##### Records supplied #####
section \<open>The resolvent estimate\<close>

lemma scalar_prod_square_bound:
  fixes x y :: "real vec"
  assumes x: "x \<in> carrier_vec n" and y: "y \<in> carrier_vec n"
    and k: "0 \<le> k" and bound: "k * (y \<bullet> y) \<le> x \<bullet> y"
  shows "k\<^sup>2 * (y \<bullet> y) \<le> x \<bullet> x"
proof -
  have "0 \<le> (x - k \<cdot>\<^sub>v y) \<bullet> (x - k \<cdot>\<^sub>v y)" by (rule scalar_prod_self_nonneg)
  also have "\<dots> = x \<bullet> x - 2 * k * (x \<bullet> y) + k\<^sup>2 * (y \<bullet> y)"
    using x y by (simp add: minus_scalar_prod_distrib[of _ n] scalar_prod_minus_distrib[of _ n]
        comm_scalar_prod[of y n x] power2_eq_square algebra_simps)
  finally show ?thesis using mult_left_mono[OF bound, of "2 * k"] k by (simp add: power2_eq_square)
qed

lemma positive_definite_mat_inverse:
  fixes B :: "real mat"
  assumes B: "B \<in> carrier_mat n n"
    and pos: "\<And>x. x \<in> carrier_vec n \<Longrightarrow> x \<noteq> 0\<^sub>v n \<Longrightarrow> 0 < x \<bullet> (B *\<^sub>v x)"
  obtains B' where "mat_inverse B = Some B'" "B' \<in> carrier_mat n n" "B * B' = 1\<^sub>m n"
proof -
  have "det B \<noteq> 0"
  proof
    assume "det B = 0"
    then obtain x where "x \<in> carrier_vec n" "x \<noteq> 0\<^sub>v n" "B *\<^sub>v x = 0\<^sub>v n"
      using det_0_iff_vec_prod_zero[OF B] by blast
    thus False using pos by fastforce
  qed
  hence unit: "B \<in> Units (ring_mat TYPE(real) n ())" by (rule det_non_zero_imp_unit[OF B])
  obtain B' where "mat_inverse B = Some B'"
  proof (cases "mat_inverse B")
    case None
    have "B \<notin> Units (ring_mat TYPE(real) n ())" by (rule mat_inverse(1)[OF B None])
    thus ?thesis using unit by contradiction
  qed
  thus ?thesis using that mat_inverse(2)[OF B] by auto
qed
(* (1) There exists $C>0$ such that for all $f\in L^{2}(\mathbb{R})$ with $xf\in L^{2}(\mathbb{R})$ and all $t>0$, \[ \Big\|e^{it\partial_{x}^{2}}f(x)-\frac{e^{i\frac{x^{2}}{4t}}}{(4i\pi t)^{1/2}}\widehat{f}\Big(\frac{x}{2t}\Big)\Big\|_{L^{\infty}_{x}(\mathbb{R})}\leq Ct^{-\frac34}\|xf\|_{L^{2}_{x}(\mathbb{R})}. \] (2) Let $U$ be a function of $t$ with values in functions on $\mathbb{R}\times\mathbb{T}^d$ and let $F(t)=e^{-it\Delta}U(t)$ be its profile. Then for all $T\geq1$ and $t\in[1,T]$, \[ t^{\frac12}\|U(t)\|_{L^{\infty}_{x}h^{s}_{y}}\lesssim\|F(t)\|_{Z}+t^{-\frac14}\|F(t)\|_{S}\lesssim\|F\|_{X_{T}} . \]
   Context: Here $\widehat{f}$ is a suitably normalized Fourier transform on $\mathbb{R}$. $\mathrm{A}$ is a real symmetric positive definite $d\times d$ matrix, $\lambda_n^2=n^\intercal\mathrm{A}n$; $\Delta=\partial_{x}^{2}+\operatorname{div}(\mathrm{A}\nabla_{y})$ on $\mathbb{R}\times\mathbb{T}^d$, $\mathbb{T}^d=\mathbb{R}^d/(2\pi\mathbb{Z})^d$. Fixed parameters: $s>\frac{d}{2}$ (in the paper $s>\frac d2+\frac{4\tau}{c(d)}$), $\sigma>0$, and $\delta>0$ sufficiently small. Clusters: $(\mathscr{C}_{\alpha})_{\alpha\geq0}$ is a fixed partition of $\mathbb{Z}^{d}$ with $0\in\mathscr{C}_0$, $\mathscr{C}_0$ bounded, and $\max_{\mathscr{C}_{\alpha}}|n|\leq2\min_{\mathscr{C}_{\alpha}}|n|$ for $\alpha\geq1$ (the Berti–Maspero cluster decomposition); $K_0=1$, $K_{\alpha}=\min_{n\in\mathscr{C}_{\alpha}}|n|$ for $\alpha\ge1$. For $u=\sum u_n e^{in\cdot y}$ on $\mathbb{T}^d$: $\pi_{\alpha}u=\sum_{n\in\mathscr{C}_{\alpha}}u_{n}e^{in\cdot y}$, $\|u\|_{\ell^2}=(\sum|u_n|^2)^{1/2}$, $\|u\|_{h^{s}}=(\sum_{\alpha}K_{\alpha}^{2s}\|\pi_{\alpha}u\|_{\ell^{2}}^{2})^{1/2}$. For $F$ on $\mathbb{R}\times\mathbb{T}^{d}$: $F_{n}(x)=(2\pi)^{-d}\int e^{-in\cdot y}F(x,y)dy$, $\widehat{F}_{n}(\xi)=(2\pi)^{-(d+1)}\int e^{-i(\xi x+n\cdot y)}F\,dxdy$, $\widehat F(\xi,y)=\sum_n\widehat F_n(\xi)e^{in\cdot y}$. $\|F\|_{L^{\infty}_{x}h^{s}_{y}}=\sup_x\|F(x,\cdot)\|_{h^s}$, $\|F\|_{L^{2}_{x}h^{s}_{y}}=\|\,\|F(x,\cdot)\|_{h^{s}}\|_{L^{2}_{x}}$, $\|F\|_{H^{s}_{x}\ell^{2}_{y}}=(\sum_{n}\|F_{n}\|_{H^{s}(\mathbb{R})}^{2})^{1/2}$, $\|F\|_{H^{s}_{x,y}}=(\|F\|_{L^{2}_{x}h^{s}_{y}}^{2}+\|F\|_{H^{s}_{x}\ell^{2}_{y}}^{2})^{1/2}$. $\|F\|_{S}=\|(1-\partial_{x}^{2})^{\sigma/2}F\|_{H^{s}_{x,y}}+\|xF\|_{L^{2}_{x}h^{s}_{y}}$; $\|F\|_{Z}=\sup_{\xi\in\mathbb{R}}\|\widehat{F}(\xi,\cdot)\|_{h^{s}}$; for time-dependent $F$, $\|F\|_{X_{T}}=\sup_{0\leq t\leq T}\big(\|F(t)\|_{Z}+\langle t\rangle^{-\delta}\|F(t)\|_{S}+\langle t\rangle^{1-\delta}\|\partial_{t}F(t)\|_{S}\big)$, $\langle t\rangle=(1+t^2)^{1/2}$. Implicit constants in $\lesssim$ depend only on $d,\mathrm{A},s,\sigma,\delta$. *)

theory Defs
  imports "HOL-Analysis.Analysis"
begin

definition ivec :: "int^'d \<Rightarrow> real^'d" where
  "ivec n = (\<chi> i. real_of_int (n $ i))"

definition vnorm :: "int^'d \<Rightarrow> real" where
  "vnorm n = norm (ivec n)"

definition lam2 :: "real^'d^'d \<Rightarrow> int^'d \<Rightarrow> real" where
  "lam2 A n = ivec n \<bullet> (A *v ivec n)"

text \<open>Berti--Maspero type cluster decomposition (C_alpha), alpha >= 0, of Z^d.\<close>

definition cluster_partition :: "(nat \<Rightarrow> (int^'d) set) \<Rightarrow> bool" where
  "cluster_partition Cl \<longleftrightarrow>
     (\<forall>\<alpha> \<beta>. \<alpha> \<noteq> \<beta> \<longrightarrow> Cl \<alpha> \<inter> Cl \<beta> = {}) \<and> (\<Union>\<alpha>. Cl \<alpha>) = UNIV \<and>
     (\<forall>\<alpha>. Cl \<alpha> \<noteq> {}) \<and> 0 \<in> Cl 0 \<and> bounded (ivec ` Cl 0) \<and>
     (\<forall>\<alpha>\<ge>1. \<forall>m\<in>Cl \<alpha>. \<forall>n\<in>Cl \<alpha>. vnorm m \<le> 2 * vnorm n)"

definition Kc :: "(nat \<Rightarrow> (int^'d) set) \<Rightarrow> nat \<Rightarrow> real" where
  "Kc Cl \<alpha> = (if \<alpha> = 0 then 1 else Inf (vnorm ` Cl \<alpha>))"

text \<open>Square root on [0,\<infinity>]; all norms below are [0,\<infinity>]-valued (so that a
  norm which is infinite is infinite rather than a junk real value).\<close>

definition esqrt :: "ennreal \<Rightarrow> ennreal" where
  "esqrt v = (if v = \<infinity> then \<infinity> else ennreal (sqrt (enn2real v)))"

text \<open>h^s norm of a function on T^d given by its Fourier coefficients u_n.\<close>

definition hs_sq :: "(nat \<Rightarrow> (int^'d) set) \<Rightarrow> real \<Rightarrow> (int^'d \<Rightarrow> complex) \<Rightarrow> ennreal" where
  "hs_sq Cl s u = (\<Sum>\<alpha>. ennreal (Kc Cl \<alpha> powr (2 * s)) * (\<integral>\<^sup>+ n. ennreal ((cmod (u n))\<^sup>2) \<partial>count_space (Cl \<alpha>)))"

definition hs_norm :: "(nat \<Rightarrow> (int^'d) set) \<Rightarrow> real \<Rightarrow> (int^'d \<Rightarrow> complex) \<Rightarrow> ennreal" where
  "hs_norm Cl s u = esqrt (hs_sq Cl s u)"

text \<open>Fourier transform on R: unnormalized (as needed in part (1)) and the normalized
  one of the context, hat F_n(xi) = (2 pi)^(-1) int e^(-i xi x) F_n(x) dx.\<close>

definition fourier :: "(real \<Rightarrow> complex) \<Rightarrow> real \<Rightarrow> complex" where
  "fourier f \<xi> = (\<integral>x. cis (- (\<xi> * x)) * f x \<partial>lborel)"

definition fourierN :: "(real \<Rightarrow> complex) \<Rightarrow> real \<Rightarrow> complex" where
  "fourierN f \<xi> = fourier f \<xi> / complex_of_real (2 * pi)"

text \<open>Free Schroedinger group e^{it d_x^2} on R (t > 0), via its kernel
  (4 i pi t)^(-1/2) e^{i (x-y)^2/(4t)}, principal branch of the square root.\<close>

definition schr :: "real \<Rightarrow> (real \<Rightarrow> complex) \<Rightarrow> real \<Rightarrow> complex" where
  "schr t f x = (\<integral>y. cis ((x - y)\<^sup>2 / (4 * t)) * f y \<partial>lborel)
                 / csqrt (4 * \<i> * complex_of_real pi * complex_of_real t)"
#####
What the task asks.
In the entries above, find the line holding "set) \<Rightarrow> nat" and the line holding "esqrt (hs_sq Cl"; print both of them and every line between, exactly, and nothing else.

Exercise output.
definition Kc :: "(nat \<Rightarrow> (int^'d) set) \<Rightarrow> nat \<Rightarrow> real" where
  "Kc Cl \<alpha> = (if \<alpha> = 0 then 1 else Inf (vnorm ` Cl \<alpha>))"

text \<open>Square root on [0,\<infinity>]; all norms below are [0,\<infinity>]-valued (so that a
  norm which is infinite is infinite rather than a junk real value).\<close>

definition esqrt :: "ennreal \<Rightarrow> ennreal" where
  "esqrt v = (if v = \<infinity> then \<infinity> else ennreal (sqrt (enn2real v)))"

text \<open>h^s norm of a function on T^d given by its Fourier coefficients u_n.\<close>

definition hs_sq :: "(nat \<Rightarrow> (int^'d) set) \<Rightarrow> real \<Rightarrow> (int^'d \<Rightarrow> complex) \<Rightarrow> ennreal" where
  "hs_sq Cl s u = (\<Sum>\<alpha>. ennreal (Kc Cl \<alpha> powr (2 * s)) * (\<integral>\<^sup>+ n. ennreal ((cmod (u n))\<^sup>2) \<partial>count_space (Cl \<alpha>)))"

definition hs_norm :: "(nat \<Rightarrow> (int^'d) set) \<Rightarrow> real \<Rightarrow> (int^'d \<Rightarrow> complex) \<Rightarrow> ennreal" where
  "hs_norm Cl s u = esqrt (hs_sq Cl s u)"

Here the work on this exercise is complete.